Panspermia is viable on galactic scales, and the entire Milky Way could potentially be exchanging biotic components across vast distances. If bacteria and other possible extremophiles have sufficiently long survival lifetimes, the Galactic Centre can act as an engine for panspermia and seed the entire galaxy(1).
We present an analytic model to estimate the total number of rocky or icy objects that could be captured by planetary systems within the Milky Way galaxy and result in panspermia should they harbor life. We estimate the capture rate of objects ejected from planetary systems over the entire phase space as well as time. Our final expression for the capture rate depends upon the velocity dispersion as well as the characteristic biological survival time and the size of the captured object. We further take into account the number of stars that an interstellar object traverses, as well as the scale height and length of the Milky Way’s disk. The likelihood of Galactic panspermia is strongly dependent upon the survival lifetime of the putative organisms as well as the velocity of the transporter. Velocities between 10 – 100 km/s result in the highest probabilities. However, given large enough survival lifetimes, even hypervelocity objects traveling at over 1000 km/s have a significant chance of capture, thereby increasing the likelihood of panspermia. Thus, we show that panspermia is not exclusively relegated to solar-system sized scales, and the entire Milky Way could potentially be exchanging biotic components across vast distances.
The inspiration for this study came from the first-known interstellar visitor to our Solar System – the asteroid ‘Oumuamua, discovered in October 2017(2). The authors of the paper think that:
ʻOumuamua could be captured through their gravitational interaction with Jupiter and the Sun. The Solar System acts as a gravitational “fishing net” that contains thousands of bound interstellar objects of this size at any given time.

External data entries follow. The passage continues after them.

(* For all $n\in\mathbb{N}$ the bistatistic $(\operatorname{veh}',\operatorname{SIVEH})$ is Euler–Mahonian on $\mathfrak{S}_n$, i.e. $$\sum_{\pi\in\mathfrak{S}_n}s^{\operatorname{veh}'(\pi)}q^{\operatorname{SIVEH}(\pi)}=\sum_{\pi\in\mathfrak{S}_n}s^{\operatorname{des}(\pi)}q^{\operatorname{MAJ}(\pi)}.$$
   Context: For $\pi=a_1\cdots a_n\in\mathfrak{S}_n$: $\operatorname{Des}(\pi)=\{i\in[n-1]:a_i>a_{i+1}\}$, $\operatorname{des}(\pi)=|\operatorname{Des}(\pi)|$, $\operatorname{MAJ}(\pi)=\sum_{i\in\operatorname{Des}(\pi)}i$. The increasing unordered tree $T'(\pi)$ has root labeled $0$: if $b$ is a right-to-left minimum of $\pi$ then $b$ is a child of the root; otherwise $b$ is a child of the leftmost letter $a$ to the right of $b$ with $a<b$. $\operatorname{veh}'(\pi)$ is the number of non-root vertices of even height in $T'(\pi)$ (root at height $0$), $\operatorname{EV}(\pi)$ is the set of indices $i$ such that $a_i$ has even height, and $\operatorname{SIVEH}(\pi)=\sum_{i\in\operatorname{EV}(\pi)}i$. *)

theory Defs
  imports Main "HOL-Combinatorics.Multiset_Permutations"
begin

text \<open>Permutations of [n] are words (lists) a_1 ... a_n; list index k corresponds to position k+1.\<close>

definition Des :: "nat list \<Rightarrow> nat set" where
  "Des w = {i \<in> {1..<length w}. w ! (i - 1) > w ! i}"

definition des :: "nat list \<Rightarrow> nat" where
  "des w = card (Des w)"

definition MAJ :: "nat list \<Rightarrow> nat" where
  "MAJ w = (\<Sum>i\<in>Des w. i)"

text \<open>ht (b # ys): height in T'(pi) of the letter b, whose right part is ys.
  If b is a right-to-left minimum its parent is the root (height 1); otherwise its
  parent is the leftmost letter a of ys with a < b.\<close>
function ht :: "nat list \<Rightarrow> nat" where
  "ht [] = 0"
| "ht (b # ys) =
     (if \<exists>a\<in>set ys. a < b
      then Suc (ht (drop (LEAST j. j < length ys \<and> ys ! j < b) ys))
      else 1)"
  by pat_completeness auto
termination
  by (relation "measure length") auto

definition height_at :: "nat list \<Rightarrow> nat \<Rightarrow> nat" where
  "height_at w i = ht (drop (i - 1) w)"

definition EV :: "nat list \<Rightarrow> nat set" where
  "EV w = {i \<in> {1..length w}. even (height_at w i)}"

definition veh' :: "nat list \<Rightarrow> nat" where
  "veh' w = card (EV w)"

definition SIVEH :: "nat list \<Rightarrow> nat" where
  "SIVEH w = (\<Sum>i\<in>EV w. i)"

end

theory Submission
  imports Defs
begin

(* Every permutation of [m+1] is uniquely cons_shift r u: the first letter r followed by a
   permutation u of [m] whose letters >= r are shifted up by one. This keeps all inversions, so
   both Des and EV of cons_shift r u consist of the indices of u shifted by one, plus possibly the
   index 1 ("r is marked"); hence s^card q^sum of cons_shift r u is that of u taken at (s q, q),
   times s q if r is marked. Refine by a state: the first letter for Des, and for EV the number
   of j such that j u has a first letter of odd height. In both cases, if u is in state j, the
   insertions r = 1..m+1 reach each of the states 1..j once unmarked and each of j+1..m+1 once
   marked. So both refined generating functions obey one and the same recursion. *)

abbreviation perms :: "nat \<Rightarrow> nat list set" where
  "perms m \<equiv> permutations_of_set {1..m}"

definition shift_from :: "nat \<Rightarrow> nat \<Rightarrow> nat" where
  "shift_from r x = (if r \<le> x then Suc x else x)"

definition cons_shift :: "nat \<Rightarrow> nat list \<Rightarrow> nat list" where
  "cons_shift r u = r # map (shift_from r) u"

lemma length_cons_shift [simp]: "length (cons_shift r u) = Suc (length u)"
  by (simp add: cons_shift_def)

lemma strict_mono_shift_from: "strict_mono (shift_from r)"
  by (rule strict_monoI) (auto simp: shift_from_def)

Typical stellar velocities throughout the Milky Way are a few hundred km/s. However, the discovery of hyper-velocity stars leaving our galaxy with speeds of nearly 10^3 km/s has suggested a mechanism by which pairs of massive black holes might act as stellar slingshots. Dynamical interactions with black holes can eject asteroids and comets at extreme velocities, and thus they may traverse the entire radius of the Milky Way in ~ 10^6 years. Such hyper-velocity objects can become intergalactic(3).
In this paper we describe a mechanism by which binary massive black hole (BMBH) mergers can liberate these tightly bound stars from their host black holes, resulting in semirelativistic hypervelocity stars (SHS) that are capable of crossing large swaths of the observable universe and hence can serve as a new cosmological messenger.
Who knows. Maybe life is but a by-product of a sort of galactic tennis or badminton played by professional Black Hole Players.